3.2 seconds is the time it took for the rock to fall, plus the time it took for the sound to come back up. The height of the cliff and the fraction of the total time each (rock vs. sound) required are the only unknowns. You can do this with only one equation. The height of the cliff will be a function of the time it takes to hear the rock hit the ground.

 

[andrew markworthy]

You know how they say that you weren't really in the seventies if you can remember anything about it? They're absolutely right. This sort of calculation was routine stuff when I was doing math at school in the seventies. Now I can't begin to work it out. :frowning:

 

[PaulT]

The acceleration of a falling obeject is 32ft/sec2 (9.8m/sec2)

A laden African swallow is another thing

 

[Joseph DeMartino]

You would have to if you were calculating this in the real world for some actual engineering reason, but given that this is a exercise in a physics book, and that the rate of acceleration is not one of the parameters given the students, I think this can and should be ignored. If they were meant to take that variable into account they would have been told to and supplied a value for it.

Regards,

Joe

 

[Haggai]

But you can't get a numerical value for the answer without having a value for the acceleration due to gravity. Before I posted my hints above, I worked it out using the standard gravity acceleration value that PaulT mentioned in his post, and the answer came out to be the same as in Neil's book.

I remember that when I took physics in college, the standard value for the acceleration of gravity was given early on in whichever mechanics textbook we were using, and it was then assumed to be the same for every relevant problem after that, unless otherwise specified.

 

[RobertR]

Yes, it's reasonable to assume standard gravitational acceleration, and ignore air drag. I got the same answer as well.

 

[Adam Bluhm]

Don't feel bad, Andrew. In 11th grade I ripped through this. I'm now 23 years young and I can't even remember the routine forumulas.

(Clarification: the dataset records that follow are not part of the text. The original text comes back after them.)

(* Let $q=2^t$. Let $p$ be a point of $\ell_0$ and let $\ell,\ell'$ be two distinct lines of $L$, both different from $\ell_0$, each passing through $p$. Then $\chi_\ell+\chi_{\ell'}\in C(P,L_1)$.
   Context: Let $q$ be a prime power and $V$ a $4$-dimensional vector space over $\mathbb{F}_q$ with a nonsingular alternating bilinear form $(\cdot,\cdot)$ and symplectic basis $e_0,e_1,e_2,e_3$ with $(e_0,e_3)=(e_1,e_2)=1$. $P$ is the set of $1$-dimensional subspaces of $V$ (points), $L$ the set of totally isotropic $2$-dimensional subspaces (lines), with incidence by containment. $\ell_0=\langle e_0,e_1\rangle$, and $L_1$ is the set of lines sharing no point with $\ell_0$. $\mathbb{F}_2[P]$ is the $\mathbb{F}_2$-vector space of functions $P\to\mathbb{F}_2$; for a line $\ell$, $\chi_\ell\in\mathbb{F}_2[P]$ is its characteristic function (value $1$ exactly at the $q+1$ points of $\ell$). For a set $S$ of lines, $C(P,S)$ is the $\mathbb{F}_2$-span of $\{\chi_\ell:\ell\in S\}$ in $\mathbb{F}_2[P]$. *)

theory Defs
  imports "HOL-Analysis.Analysis" "HOL-Library.Z2"
begin

text \<open>V = F_q^4 modelled as 'a^4 over a finite field 'a; the symplectic form with
  (e0,e3) = (e1,e2) = 1, where e_i is the i-th standard basis vector.\<close>

definition sympf :: "'a::field ^ 4 \<Rightarrow> 'a ^ 4 \<Rightarrow> 'a" where
  "sympf x y = x$0 * y$3 - x$3 * y$0 + x$1 * y$2 - x$2 * y$1"

definition ebasis :: "4 \<Rightarrow> 'a::field ^ 4" where
  "ebasis i = axis i 1"

definition pt :: "'a::field ^ 4 \<Rightarrow> ('a ^ 4) set" where
  "pt v = range (\<lambda>c. c *s v)"

definition span2 :: "'a::field ^ 4 \<Rightarrow> 'a ^ 4 \<Rightarrow> ('a ^ 4) set" where
  "span2 u w = {a *s u + b *s w | a b. True}"

definition points :: "('a::field ^ 4) set set" where
  "points = {pt v | v. v \<noteq> 0}"

definition lines :: "('a::field ^ 4) set set" where
  "lines = {span2 u w | u w.
      (\<forall>a b. a *s u + b *s w = 0 \<longrightarrow> a = 0 \<and> b = 0) \<and>
      (\<forall>x\<in>span2 u w. \<forall>y\<in>span2 u w. sympf x y = 0)}"

definition ell0 :: "('a::field ^ 4) set" where
  "ell0 = span2 (ebasis 0) (ebasis 1)"

definition L1 :: "('a::field ^ 4) set set" where
  "L1 = {l \<in> lines. \<not> (\<exists>p\<in>points. p \<subseteq> l \<and> p \<subseteq> ell0)}"

text \<open>Characteristic function of a line, as an element of F_2[P] (zero off P).\<close>
definition chi :: "('a::field ^ 4) set \<Rightarrow> ('a ^ 4) set \<Rightarrow> bit" where
  "chi l p = (if p \<in> points \<and> p \<subseteq> l then 1 else 0)"

text \<open>C(P,S): F_2-span of the characteristic functions of lines in S.\<close>
definition Cspan :: "('a::field ^ 4) set set \<Rightarrow> (('a ^ 4) set \<Rightarrow> bit) set" where
  "Cspan S = {f. \<exists>T\<subseteq>S. finite T \<and> f = (\<lambda>p. \<Sum>l\<in>T. chi l p)}"

end

theory Submission imports Defs begin

(*
  Write p = <v> with v in ell0, and pick c in l, b in l' with
  l = <v,c>, l' = <v,b>.  Since l and l' are distinct lines through v, the
  form does not vanish on (b,c): k = (b,c) <> 0; completing (v,b,c) by a
  vector d orthogonal to b and c with (v,d) = k yields a hyperbolic frame
  (a,b,c,d) = (v,b,c,d), i.e. (a,d) = (b,c) = k and all other pairings vanish.
  In such a frame, with a in ell0 and b, c outside ell0, consider the 2q lines
      A_t = <t a + b, t c + d>,   B_t = <t a + c, t b + d>     (t in F_q).
  In characteristic 2 they are all totally isotropic, none meets ell0, and
  every point lies on an even number of them unless it lies on exactly one of
  <a,c>, <a,b>; hence  chi<a,c> + chi<a,b> = sum_t chi A_t + sum_t chi B_t.
*)

lemma vec4_eq_iff:
  "(x::'a^4) = y \<longleftrightarrow> x$0 = y$0 \<and> x$1 = y$1 \<and> x$2 = y$2 \<and> x$3 = y$3"
proof
  assume h: "x$0 = y$0 \<and> x$1 = y$1 \<and> x$2 = y$2 \<and> x$3 = y$3"
  show "x = y" unfolding vec_eq_iff
  proof
    fix i :: 4
    have "i = 0 \<or> i = 1 \<or> i = 2 \<or> i = 3" using exhaust_4[of i] by auto
    with h show "x$i = y$i" by auto
  qed
qed simp

lemma sympf_add_left: "sympf (x + y) z = sympf x z + sympf y z"
  and sympf_add_right: "sympf z (x + y) = sympf z x + sympf z y"
  and sympf_diff_left: "sympf (x - y) z = sympf x z - sympf y z"
  and sympf_diff_right: "sympf z (x - y) = sympf z x - sympf z y"
  and sympf_smult_left: "sympf (s *s x) z = s * sympf x z"
  and sympf_smult_right: "sympf z (s *s x) = s * sympf z x"
  and sympf_self: "sympf x x = 0"
  by (simp_all add: sympf_def algebra_simps)

lemmas sympf_simps = sympf_add_left sympf_add_right sympf_diff_left sympf_diff_right
  sympf_smult_left sympf_smult_right sympf_self

lemma sympf_swap: "sympf y x = - sympf x y"
  by (simp add: sympf_def algebra_simps)

lemma sympf_nondegenerate:
  fixes v :: "'a::field^4"
  assumes "v \<noteq> 0"
  shows "\<exists>m. sympf v m \<noteq> 0"
proof -
  have "sympf v (axis 3 1) = v$0" "sympf v (axis 2 1) = v$1"
    "sympf v (axis 1 1) = - v$2" "sympf v (axis 0 1) = - v$3"
    by (simp_all add: sympf_def axis_def)
  moreover have "v$0 \<noteq> 0 \<or> v$1 \<noteq> 0 \<or> v$2 \<noteq> 0 \<or> v$3 \<noteq> 0"
    using assms by (auto simp: vec4_eq_iff)
  ultimately show ?thesis by (metis neg_equal_0_iff_equal)
qed

text \<open>A field of order 2^t has characteristic 2: translation by 1 permutes the
  field, so the sum of its elements is unchanged, whence q * 1 = 0.\<close>

lemma char_two_of_card:
  assumes "CARD('a::{field,finite}) = 2 ^ t"
  shows "(1::'a) + 1 = 0"
proof -
  have "(\<Sum>x\<in>UNIV. x + 1) = (\<Sum>x\<in>UNIV. (x::'a))"
    by (rule sum.reindex_bij_witness[of _ "\<lambda>x. x - 1" "\<lambda>x. x + 1"]) auto
  hence "of_nat CARD('a) = (0::'a)" by (simp add: sum.distrib)
  hence "(2::'a) ^ t = 0" using assms by simp
  thus ?thesis by simp
qed

lemma solutions_of_linear_equation:
  fixes \<alpha> \<beta> x y :: "'a::field"
  assumes "\<alpha> * y + \<beta> * x = 0" "\<alpha> \<noteq> 0 \<or> \<beta> \<noteq> 0"
  shows "\<exists>\<kappa>. x = \<kappa> * \<alpha> \<and> y = - (\<kappa> * \<beta>)"
proof (cases "\<alpha> = 0")
  case False
  thus ?thesis using assms(1) by (intro exI[of _ "x / \<alpha>"]) (simp add: field_simps add_eq_0_iff)
next
  case True
  thus ?thesis using assms by (intro exI[of _ "- y / \<beta>"]) auto
qed

definition indep :: "'a::field^4 \<Rightarrow> 'a^4 \<Rightarrow> bool" where
  "indep u w \<longleftrightarrow> (\<forall>s r. s *s u + r *s w = 0 \<longrightarrow> s = 0 \<and> r = 0)"

lemma span2_closed:
  assumes "x \<in> span2 u w" "y \<in> span2 u w"
  shows "s *s x + r *s y \<in> span2 u w"
proof -
  obtain a1 b1 where x: "x = a1 *s u + b1 *s w" using assms(1) by (auto simp: span2_def)
  obtain a2 b2 where y: "y = a2 *s u + b2 *s w" using assms(2) by (auto simp: span2_def)
  have "s *s x + r *s y = (s * a1 + r * a2) *s u + (s * b1 + r * b2) *s w"
    unfolding x y by (simp add: vec_eq_iff algebra_simps)
  thus ?thesis unfolding span2_def by blast
qed

lemma span2_generators: "u \<in> span2 u w" "w \<in> span2 u w"
proof -
  have "u = 1 *s u + 0 *s w" "w = 0 *s u + 1 *s w" by simp_all
  thus "u \<in> span2 u w" "w \<in> span2 u w" unfolding span2_def by blast+
qed

lemma span2_subset:
  assumes "x \<in> span2 u w" "y \<in> span2 u w"
  shows "span2 x y \<subseteq> span2 u w"
  using span2_closed[OF assms] unfolding span2_def[of x y] by blast

lemma vector_in_pt: "v \<in> pt v"
  unfolding pt_def by (metis rangeI vector_smult_lid)

lemma pt_subset_span2_iff: "pt v \<subseteq> span2 u w \<longleftrightarrow> v \<in> span2 u w"
proof
  assume "pt v \<subseteq> span2 u w"
  thus "v \<in> span2 u w" using vector_in_pt by blast
qed (auto simp: pt_def intro: span2_closed[where r = 0, simplified])

text \<open>Over a finite field, a span of two independent vectors has q^2 elements;
  hence an inclusion between two such spans is an equality.\<close>

lemma card_span2:
  fixes u w :: "'a::{field,finite}^4"
  assumes "indep u w"
  shows "card (span2 u w) = CARD('a) * CARD('a)"
proof -
  let ?f = "\<lambda>(s::'a, r::'a). s *s u + r *s w"
  have image: "span2 u w = ?f ` UNIV" unfolding span2_def by auto
  have "inj ?f"
  proof (rule injI)
    fix x y :: "'a \<times> 'a" assume h: "?f x = ?f y"
    obtain s1 r1 s2 r2 where x: "x = (s1, r1)" and y: "y = (s2, r2)" by (cases x, cases y)
    have "(s1 - s2) *s u + (r1 - r2) *s w = 0"
      using h unfolding x y by (simp add: vec_eq_iff algebra_simps)
    thus "x = y" using assms unfolding indep_def x y by fastforce
  qed
  hence "card (?f ` UNIV) = card (UNIV :: ('a \<times> 'a) set)" by (rule card_image)
  thus ?thesis unfolding image UNIV_Times_UNIV[symmetric] card_cartesian_product .
qed

lemma span2_eq_of_subset:
  fixes u w :: "'a::{field,finite}^4"
  assumes "indep u w" "indep u' w'" "span2 u w \<subseteq> span2 u' w'"
  shows "span2 u w = span2 u' w'"
  using card_span2[OF assms(1)] card_span2[OF assms(2)] assms(3)
  by (intro card_subset_eq) simp_all

lemma span2_exchange:
  fixes u w v :: "'a::{field,finite}^4"
  assumes iu: "indep u w" and v_in: "v \<in> span2 u w" and v0: "v \<noteq> 0"
  shows "\<exists>c. span2 u w = span2 v c \<and> indep v c \<and> c \<in> span2 u w"
proof -
  obtain x y where v: "v = x *s u + y *s w" using v_in unfolding span2_def by blast
  have exchange: "\<exists>c. span2 u w = span2 v c \<and> indep v c \<and> c \<in> span2 u w"
    if c_in: "c \<in> span2 u w" and ind: "indep v c" for c
    using span2_eq_of_subset[OF ind iu span2_subset[OF v_in c_in]] ind c_in by blast
  show ?thesis
  proof (cases "y = 0")
    case False
    have "indep v u" unfolding indep_def
    proof (intro allI impI)
      fix s r assume "s *s v + r *s u = 0"
      hence "(s*x + r) *s u + (s*y) *s w = 0" unfolding v by (simp add: vec_eq_iff algebra_simps)
      hence "s*x + r = 0 \<and> s*y = 0" using iu unfolding indep_def by blast
      thus "s = 0 \<and> r = 0" using False by auto
    qed
    thus ?thesis using exchange span2_generators(1) by blast
  next
    case True
    hence x: "x \<noteq> 0" using v0 v by auto
    have "indep v w" unfolding indep_def
    proof (intro allI impI)
      fix s r assume "s *s v + r *s w = 0"
      hence "(s*x) *s u + r *s w = 0" unfolding v using True by (simp add: vec_eq_iff algebra_simps)
      hence "s*x = 0 \<and> r = 0" using iu unfolding indep_def by blast
      thus "s = 0 \<and> r = 0" using x by simp
    qed
    thus ?thesis using exchange span2_generators(2) by blast
  qed
qed

lemma isotropic_span2:
  assumes "sympf u w = 0"
  shows "\<forall>x\<in>span2 u w. \<forall>y\<in>span2 u w. sympf x y = (0::'a::field)"
proof (intro ballI)
  fix x y assume "x \<in> span2 u w" "y \<in> span2 u w"
  then obtain s1 r1 s2 r2 where "x = s1 *s u + r1 *s w" "y = s2 *s u + r2 *s w"
    by (auto simp: span2_def)
  moreover have "sympf w u = 0" using sympf_swap[of w u] assms by simp
  ultimately show "sympf x y = 0" using assms by (simp add: sympf_simps)
qed

lemma lineI:
  assumes "indep u w" "sympf u w = 0"
  shows "span2 u w \<in> lines"
  using assms isotropic_span2 unfolding lines_def indep_def by blast

lemma line_through_vector:
  fixes v :: "'a::{field,finite}^4"
  assumes "l \<in> lines" "v \<noteq> 0" "v \<in> l"
  shows "\<exists>c. l = span2 v c \<and> indep v c \<and> sympf v c = 0"
proof -
  obtain u w where l: "l = span2 u w" and iu: "indep u w"
    and iso: "\<forall>x\<in>span2 u w. \<forall>y\<in>span2 u w. sympf x y = 0"
    using assms(1) unfolding lines_def indep_def by blast
  obtain c where "l = span2 v c" "indep v c" "c \<in> l"
    using span2_exchange[OF iu] assms(2,3) l by blast
  thus ?thesis using iso assms(3) l by blast
qed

y=v/t That might be a forumula! (not sure )

 

[Tim Hoover]

Adam - your formula is close! Actually y=vt, where v is the average velocity

 

[BrianW]

I disagree and echo Haggai's comment above. Supplying everything a student needs to solve a problem does little to improve a student's problem-solving skills. The more minimal the given assumptions, the more the student relies on his own thinking ability to fill in the blanks and arrive at an equation that yields the correct answer. Telling students what variables to consider (and, contrapositively, what variables NOT to consider by their omission) will not create new wrinkles in their brains, which is presumably the goal.

Besides, it's not a variable; it's a constant.

 

[Neil J]

Ok, I'm still working on this problem and several others. Thanks for the help. Also the 9.80 meter/seconds(squared) is given in the book.

 

[Adam Bluhm]

Make that a negative 9.8m/s*2!